**Problem to solve**
Reproduce exactly the span of lines that opens with the line containing "(Suc k) \<in>" and closes with the last line of the entries below.

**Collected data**
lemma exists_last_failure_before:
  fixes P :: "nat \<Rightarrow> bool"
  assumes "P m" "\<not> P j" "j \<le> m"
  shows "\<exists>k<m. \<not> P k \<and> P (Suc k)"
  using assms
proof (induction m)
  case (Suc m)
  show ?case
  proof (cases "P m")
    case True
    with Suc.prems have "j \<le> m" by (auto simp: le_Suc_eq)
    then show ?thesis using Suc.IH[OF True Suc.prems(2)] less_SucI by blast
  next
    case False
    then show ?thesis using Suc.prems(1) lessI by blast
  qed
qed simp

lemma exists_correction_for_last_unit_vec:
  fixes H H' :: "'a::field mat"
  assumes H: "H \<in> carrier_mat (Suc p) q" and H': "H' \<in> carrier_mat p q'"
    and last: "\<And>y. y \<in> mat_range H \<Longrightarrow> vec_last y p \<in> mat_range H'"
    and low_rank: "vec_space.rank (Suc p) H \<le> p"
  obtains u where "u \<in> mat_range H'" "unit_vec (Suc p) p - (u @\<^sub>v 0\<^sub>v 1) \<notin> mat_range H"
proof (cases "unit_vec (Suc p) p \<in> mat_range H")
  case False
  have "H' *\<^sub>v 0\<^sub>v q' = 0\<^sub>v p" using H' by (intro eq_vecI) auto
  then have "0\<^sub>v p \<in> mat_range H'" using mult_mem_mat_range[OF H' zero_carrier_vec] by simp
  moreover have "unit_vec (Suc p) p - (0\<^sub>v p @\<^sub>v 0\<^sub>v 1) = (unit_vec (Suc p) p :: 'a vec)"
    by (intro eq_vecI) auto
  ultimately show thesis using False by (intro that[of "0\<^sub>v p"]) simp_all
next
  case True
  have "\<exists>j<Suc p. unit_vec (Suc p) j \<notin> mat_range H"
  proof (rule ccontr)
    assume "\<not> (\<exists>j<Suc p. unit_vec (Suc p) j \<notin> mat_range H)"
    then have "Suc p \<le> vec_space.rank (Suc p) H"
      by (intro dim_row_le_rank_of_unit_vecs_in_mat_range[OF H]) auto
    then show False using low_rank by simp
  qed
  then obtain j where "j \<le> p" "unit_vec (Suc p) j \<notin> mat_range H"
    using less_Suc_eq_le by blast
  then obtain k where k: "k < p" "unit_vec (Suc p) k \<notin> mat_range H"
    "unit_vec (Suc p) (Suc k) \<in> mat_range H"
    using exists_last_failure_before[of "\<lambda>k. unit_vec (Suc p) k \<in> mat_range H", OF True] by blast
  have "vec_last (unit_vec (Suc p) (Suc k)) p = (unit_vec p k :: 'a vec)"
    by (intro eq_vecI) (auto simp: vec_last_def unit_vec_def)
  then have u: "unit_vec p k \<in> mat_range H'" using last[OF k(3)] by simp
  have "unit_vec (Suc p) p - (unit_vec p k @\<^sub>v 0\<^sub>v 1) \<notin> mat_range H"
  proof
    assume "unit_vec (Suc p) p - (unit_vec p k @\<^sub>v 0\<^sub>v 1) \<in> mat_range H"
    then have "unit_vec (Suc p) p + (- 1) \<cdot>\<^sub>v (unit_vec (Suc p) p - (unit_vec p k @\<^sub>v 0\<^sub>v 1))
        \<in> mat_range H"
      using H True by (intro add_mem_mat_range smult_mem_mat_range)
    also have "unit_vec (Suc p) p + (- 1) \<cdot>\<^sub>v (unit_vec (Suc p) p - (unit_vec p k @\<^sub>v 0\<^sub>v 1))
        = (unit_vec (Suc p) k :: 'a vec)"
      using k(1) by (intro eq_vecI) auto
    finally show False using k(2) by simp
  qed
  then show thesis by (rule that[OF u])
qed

**Result for this exercise**
    "unit_vec (Suc p) (Suc k) \<in> mat_range H"
    using exists_last_failure_before[of "\<lambda>k. unit_vec (Suc p) k \<in> mat_range H", OF True] by blast
  have "vec_last (unit_vec (Suc p) (Suc k)) p = (unit_vec p k :: 'a vec)"
    by (intro eq_vecI) (auto simp: vec_last_def unit_vec_def)
  then have u: "unit_vec p k \<in> mat_range H'" using last[OF k(3)] by simp
  have "unit_vec (Suc p) p - (unit_vec p k @\<^sub>v 0\<^sub>v 1) \<notin> mat_range H"
  proof
    assume "unit_vec (Suc p) p - (unit_vec p k @\<^sub>v 0\<^sub>v 1) \<in> mat_range H"
    then have "unit_vec (Suc p) p + (- 1) \<cdot>\<^sub>v (unit_vec (Suc p) p - (unit_vec p k @\<^sub>v 0\<^sub>v 1))
        \<in> mat_range H"
      using H True by (intro add_mem_mat_range smult_mem_mat_range)
    also have "unit_vec (Suc p) p + (- 1) \<cdot>\<^sub>v (unit_vec (Suc p) p - (unit_vec p k @\<^sub>v 0\<^sub>v 1))
        = (unit_vec (Suc p) k :: 'a vec)"
      using k(1) by (intro eq_vecI) auto
    finally show False using k(2) by simp
  qed
  then show thesis by (rule that[OF u])
qed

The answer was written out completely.